= Main Line (Pittsburgh to St. Louis) =

The Pittsburgh to St. Louis Main Line was a rail line owned and operated by the Pennsylvania Railroad in the U.S. states of Pennsylvania, Ohio, Indiana, and Illinois. The line ran from Pittsburgh, Pennsylvania west via Steubenville, Ohio, Columbus, Ohio, Dayton, Ohio, Indianapolis, Indiana, Terre Haute, Indiana, and Vandalia, Illinois to East St. Louis, Illinois. In addition to its east end in downtown Pittsburgh, where it met the Main Line and Pittsburgh to Chicago Main Line, junctions included the Columbus to Chicago Main Line at Columbus, the C&X Branch (to Cincinnati) at Xenia, the Columbus to Indianapolis Main Line via Bradford (a freight bypass of Dayton) at New Paris, the Richmond Branch and Fort Wayne Branch at Richmond, the Louisville Branch and I&F Branch at Indianapolis, and the Peoria Branch at Farrington, Illinois.

Large portions of the line have been abandoned; the only major pieces still in use are from Mingo Junction (west of Steubenville) to Columbus, operated by the Columbus and Ohio River Rail Road (Ohio Central Railroad System), and west of Terre Haute, operated by CSX Transportation as part of its St. Louis Line Subdivision. Other existing pieces are from Rosslyn, Pennsylvania to Walkers Mill (Pittsburgh and Ohio Central Railroad), Weirton Junction, West Virginia to Mingo Junction (Norfolk Southern Railway Weirton Secondary), Columbus to London, Ohio (NS Dayton District), Clement, Ohio to Dayton (NS), just east of Richmond, Indiana (NS New Castle District), and from Indianapolis to Ben Davis, Indiana (CSX Crawfordsville Branch Subdivision).

==History==
The Steubenville and Indiana Railroad opened a line from Steubenville west to Newark in 1853, 1854, and 1855. In 1857, it built a connection in Newark to the Central Ohio Railroad and signed a trackage rights agreement over the Central Ohio to Columbus; it bought a one-half interest in that portion of the Central Ohio in 1864. The Pennsylvania Railroad's Steubenville Extension, Pittsburg and Steubenville Railroad, and Steubenville Bridge across the Ohio River opened in 1865, connecting Pittsburgh to the Steubenville and Indiana. Both companies were operated as a continuous line by the Western Transportation Company until 1868, when they merged to form the Pittsburgh, Cincinnati and St. Louis Railway, owned by the Pennsylvania Railroad.

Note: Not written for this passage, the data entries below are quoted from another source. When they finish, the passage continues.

(* For every $\varepsilon>0$ there exist constants $b>1$, $c\in(0,2\sqrt b)$, $C>0$ with $C<(\pi+\varepsilon)\,c\sqrt b$, and a function $a\in L^\infty(\mathbb{R}^+)$ with $0\le a(t)\le C$ for almost every $t\ge 0$, such that the equation $$u''(t)+c\,u'(t)+\big(b+a(t)\big)u(t)=0\quad\text{for a.e. } t\ge 0$$ has a solution $u\in W^{2,\infty}_{\mathrm{loc}}(\mathbb{R}^+)$ which is unbounded on $\mathbb{R}^+=[0,\infty)$. *)

theory Defs
  imports "HOL-Analysis.Analysis"
begin

text \<open>u belongs to W^{2,infinity}_loc([0,infinity)) with first derivative u1 and
  (a.e.) second derivative u2: u is differentiable on [0,infinity) with derivative u1,
  u1 is Lipschitz on every bounded interval [0,T], and u2 is the a.e. derivative of u1
  (which equals the weak derivative of u1, automatically in L^infinity_loc).\<close>
definition W2inf_loc :: "(real \<Rightarrow> real) \<Rightarrow> (real \<Rightarrow> real) \<Rightarrow> (real \<Rightarrow> real) \<Rightarrow> bool" where
  "W2inf_loc u u1 u2 \<longleftrightarrow>
     (\<forall>t\<ge>0. (u has_real_derivative u1 t) (at t within {0..})) \<and>
     (\<forall>T\<ge>0. \<exists>L. \<forall>s\<in>{0..T}. \<forall>t\<in>{0..T}. \<bar>u1 s - u1 t\<bar> \<le> L * \<bar>s - t\<bar>) \<and>
     (AE t in lebesgue_on {0..}. (u1 has_real_derivative u2 t) (at t within {0..}))"

end

theory Submission
  imports Defs
begin

(*
  The coefficient switches once per period between 1 + C and 1.  With \<omega> = sqrt (1 + C), a
  quarter turn of the fast oscillation cos (\<omega> t) takes (w, w') from (1, 0) to (0, -\<omega>), and a
  quarter turn of the slow oscillation then takes it to (-\<omega>, 0).  Hence w'' + (1 + a) w = 0 has
  a solution with w (t + \<tau>) = -\<omega> w t, where \<tau> = \<pi> / (2 \<omega>) + \<pi> / 2 < \<pi>.  The substitution
  u = exp (- c t / 2) w turns this into u'' + c u' + (1 + c\<^sup>2/4 + a) u = 0, and u grows by the
  factor \<omega> exp (- c \<tau> / 2) per period.  This factor exceeds 1 as soon as exp (c \<pi>) < 1 + C,
  which holds for C = (\<pi> + \<delta>) c when c is small compared to \<delta>.
*)

definition frac_period :: "real \<Rightarrow> real \<Rightarrow> real" where
  "frac_period \<tau> t = t - \<tau> * of_int \<lfloor>t / \<tau>\<rfloor>"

The oldest part of the line was opened by the Columbus and Xenia Railroad in 1850, from Columbus west to Xenia. The Dayton and Western Railroad opened from Dayton west to New Paris in 1853. The Indiana Central Railway also opened in 1853, continuing west from New Paris (on the Ohio/Indiana state line) to Indianapolis. The Indiana Central began operating the Dayton and Western in 1854. The Dayton, Xenia and Belpre Railroad opened in 1858, filling the gap between Xenia and Dayton, and was immediately leased by the Columbus and Xenia. Operation of the Dayton and Western was transferred to the Columbus and Xenia by lease in 1863; the Little Miami Railroad leased the Columbus and Xenia (and thus the line from Columbus to New Paris) in 1868. The Pittsburgh, Cincinnati and St. Louis Railway leased the Columbus, Chicago and Indiana Central Railway (the Indiana Central's successor) and the Little Miami in 1869, giving the PRR a line to Indianapolis (including an alternate route between Columbus and New Paris), fully operated by the PC&StL.

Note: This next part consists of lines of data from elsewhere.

lemma conf_le_diff_add_nonneg:
  assumes "conf_le h (y - x)" and "0 \<le> x $ i" and "0 \<le> y $ i"
  shows "0 \<le> x $ i + h $ i"
proof (cases "x $ i \<le> y $ i")
  case True
  then show ?thesis using conf_le_nonneg[OF assms(1), of i] assms(2) by simp
next
  case False
  have "\<bar>h $ i\<bar> \<le> \<bar>y $ i - x $ i\<bar>" using assms(1) by (simp add: conf_le_def)
  then show ?thesis using False assms(3) by linarith
qed

lemma sum_list_vec_nth: "sum_list hs $ i = (\<Sum>h\<leftarrow>hs. h $ i)"
  by (induction hs) auto

lemma sum_sum_list_swap: "(\<Sum>i\<in>S. \<Sum>h\<leftarrow>hs. f h i) = (\<Sum>h\<leftarrow>hs. \<Sum>i\<in>S. f h i)"
  by (induction hs) (auto simp: sum.distrib)

lemma abs_nth_conformal_sum:
  assumes sum: "sum_list hs = x" and conf: "\<forall>h\<in>set hs. conf_le h x"
  shows "\<bar>x $ i\<bar> = (\<Sum>h\<leftarrow>hs. \<bar>h $ i\<bar>)"
proof (cases "0 \<le> x $ i")
  case True
  then have "\<forall>h\<in>set hs. 0 \<le> h $ i" using conf conf_le_nonneg by blast
  then have "(\<Sum>h\<leftarrow>hs. \<bar>h $ i\<bar>) = (\<Sum>h\<leftarrow>hs. h $ i)"
    by (intro arg_cong[where f = sum_list] map_cong) auto
  then show ?thesis using True by (simp add: sum[symmetric] sum_list_vec_nth)
next
  case False
  then have "\<forall>h\<in>set hs. h $ i \<le> 0" using conf conf_le_nonpos by force
  then have "(\<Sum>h\<leftarrow>hs. \<bar>h $ i\<bar>) = (\<Sum>h\<leftarrow>hs. - h $ i)"
    by (intro arg_cong[where f = sum_list] map_cong) auto
  moreover have "(\<Sum>h\<leftarrow>hs. - h $ i) = - (\<Sum>h\<leftarrow>hs. h $ i)"
    by (induction hs) auto
  ultimately show ?thesis using False by (simp add: sum[symmetric] sum_list_vec_nth)
qed

lemma norm1_on_conformal_sum:
  assumes "sum_list hs = x" and "\<forall>h\<in>set hs. conf_le h x"
  shows "norm1_on S x = (\<Sum>h\<leftarrow>hs. norm1_on S h)"
  unfolding norm1_on_def abs_nth_conformal_sum[OF assms] by (rule sum_sum_list_swap)

lemma norm1_on_conformal_sum_le:
  assumes "sum_list hs = x" and "\<forall>h\<in>set hs. conf_le h x"
    and "\<forall>h\<in>set hs. norm1_on S h \<le> c"
  shows "norm1_on S x \<le> real (length hs) * c"
proof -
  have "norm1_on S x \<le> (\<Sum>h\<leftarrow>hs. c)"
    unfolding norm1_on_conformal_sum[OF assms(1,2)] using assms(3) by (intro sum_list_mono) auto
  then show ?thesis by (simp add: sum_list_triv)
qed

The Terre Haute and Richmond Railroad opened the line from Indianapolis west to Terre Haute in 1852. The line from East St. Louis east to Terre Haute was opened in 1868, 1869, and 1870 by the St. Louis, Vandalia and Terre Haute Railroad (in Illinois) and the Terre Haute and Indianapolis Rail Road, the Terre Haute and Richmond's successor (in Indiana). The entire line was operated by the Terre Haute and Indianapolis under lease until 1905, when the two companies were merged into the Vandalia Railroad.

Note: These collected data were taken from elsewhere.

(* Let $(\gamma_n)_n$ and $(\delta_n)_n$ be widely separated sequences of sub-probability measures on $X\otimes\mathbb R^d$. If $f$ is bounded and continuous on $X$ and $W\in\mathfrak C_k$ for some $k\ge2$, then $$\lim_{n\to\infty}\Big|\int\prod_{i=1}^kf(x_i)\,W(y_1,\dots,y_k)\prod_{i=1}^k[\gamma_n+\delta_n](\mathrm dx_i,\mathrm dy_i)-\int\prod_{i=1}^kf(x_i)\,W\prod_{i=1}^k\gamma_n(\mathrm dx_i,\mathrm dy_i)-\int\prod_{i=1}^kf(x_i)\,W\prod_{i=1}^k\delta_n(\mathrm dx_i,\mathrm dy_i)\Big|=0.$$
   Context: $X$ is a complete separable metric space, $d\ge1$. For $k\ge2$, $\mathfrak C_k$ is the space of continuous functions $W$ on $(\mathbb R^d)^k$ with $W(y_1+a,\dots,y_k+a)=W(y_1,\dots,y_k)$ for all $a\in\mathbb R^d$ and $W(y_1,\dots,y_k)\to0$ as $\sup_{i,j}|y_i-y_j|\to\infty$. For a sub-probability measure $\gamma$ on $X\otimes\mathbb R^d$, $\gamma^{(2)}$ denotes its marginal on $\mathbb R^d$. Two sequences $(\gamma_n)$, $(\delta_n)$ of sub-probability measures on $X\otimes\mathbb R^d$ are widely separated if $\lim_{n\to\infty}\int V(y_1-y_2)\,\gamma_n^{(2)}(\mathrm dy_1)\,\delta_n^{(2)}(\mathrm dy_2)=0$ for some strictly positive continuous function $V$ on $\mathbb R^d$ tending to $0$ at infinity. *)

theory Defs
  imports "HOL-Analysis.Analysis" "HOL-Probability.Probability"
begin

definition subprob_on :: "('a::topological_space \<times> 'b::topological_space) measure \<Rightarrow> bool" where
  "subprob_on M \<longleftrightarrow> sets M = sets borel \<and> subprob_space M"

definition add_measure :: "'a measure \<Rightarrow> 'a measure \<Rightarrow> 'a measure" where
  "add_measure M N = measure_of (space M) (sets M) (\<lambda>A. emeasure M A + emeasure N A)"

definition marg2 :: "('a::topological_space \<times> 'b::topological_space) measure \<Rightarrow> 'b measure" where
  "marg2 M = distr M borel snd"

definition widely_separated ::
  "(nat \<Rightarrow> ('a::topological_space \<times> 'b::euclidean_space) measure) \<Rightarrow> (nat \<Rightarrow> ('a \<times> 'b) measure) \<Rightarrow> bool" where
  "widely_separated \<gamma> \<delta> \<longleftrightarrow>
     (\<exists>V :: 'b \<Rightarrow> real. continuous_on UNIV V \<and> (\<forall>y. V y > 0) \<and> (V \<longlongrightarrow> 0) at_infinity \<and>
        (\<lambda>n. \<integral>p. V (fst p - snd p) \<partial>(marg2 (\<gamma> n) \<Otimes>\<^sub>M marg2 (\<delta> n))) \<longlonglongrightarrow> 0)"

text \<open>The class C_k, with the k coordinates indexed by a finite type 'k (k = CARD('k)).\<close>
definition frakC :: "(('k::finite \<Rightarrow> 'b::euclidean_space) \<Rightarrow> real) \<Rightarrow> bool" where
  "frakC W \<longleftrightarrow> continuous_on UNIV W \<and>
     (\<forall>y a. W (\<lambda>i. y i + a) = W y) \<and>
     (\<forall>e>0. \<exists>R. \<forall>y. (\<exists>i j. dist (y i) (y j) > R) \<longrightarrow> \<bar>W y\<bar> < e)"

end

theory Submission
  imports Defs
begin

(* Put mu = gamma + delta and let p be the density of gamma with respect to mu, so that
   gamma = p mu and delta = (1 - p) mu. Then gamma^k and delta^k have the densities
   prod_i p(z_i) and prod_i (1 - p(z_i)) with respect to mu^k, and the quantity in question is
   the mu^k-integral of the integrand against the weight 1 - prod_i p(z_i) - prod_i (1 - p(z_i)).
   This weight lies between 0 and sum_{j <> i} p(z_i) (1 - p(z_j)) + (1 - p(z_i)) p(z_j), so only
   configurations with one coordinate drawn from gamma and another from delta contribute.
   Since W is in C_k, for every eps > 0 there is C with |W y| <= eps + C V(y_a - y_b) for all a, b,
   and the mu^k-integral of p(z_a) (1 - p(z_b)) V(y_a - y_b) equals m^(k-2) times the integral
   of V(y_1 - y_2) against gamma^(2) x delta^(2), where m <= 2 is the total mass of mu; this
   tends to 0 by wide separation. *)

lemma one_minus_prod_le_sum:
  fixes a :: "'i \<Rightarrow> real"
  assumes "finite I" "\<And>i. i \<in> I \<Longrightarrow> 0 \<le> a i \<and> a i \<le> 1"
  shows "1 - (\<Prod>i\<in>I. a i) \<le> (\<Sum>i\<in>I. 1 - a i)"
  using assms
proof (induction I rule: finite_induct)
  case (insert i I)
  have "0 \<le> (1 - a i) * (1 - (\<Prod>j\<in>I. a j))"
    using insert.prems by (intro mult_nonneg_nonneg) (auto intro!: prod_le_1)
  then show ?case using insert by (simp add: algebra_simps)
qed simp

The Pittsburgh, Cincinnati, Chicago and St. Louis Railway (the PC&StL's successor) and the Vandalia Railroad merged in 1917 to form the Pittsburgh, Cincinnati, Chicago and St. Louis Railroad, which the Pennsylvania Railroad leased in 1921. The line passed to Penn Central Transportation in 1968 and Conrail in 1976, after which large portions were sold off or abandoned.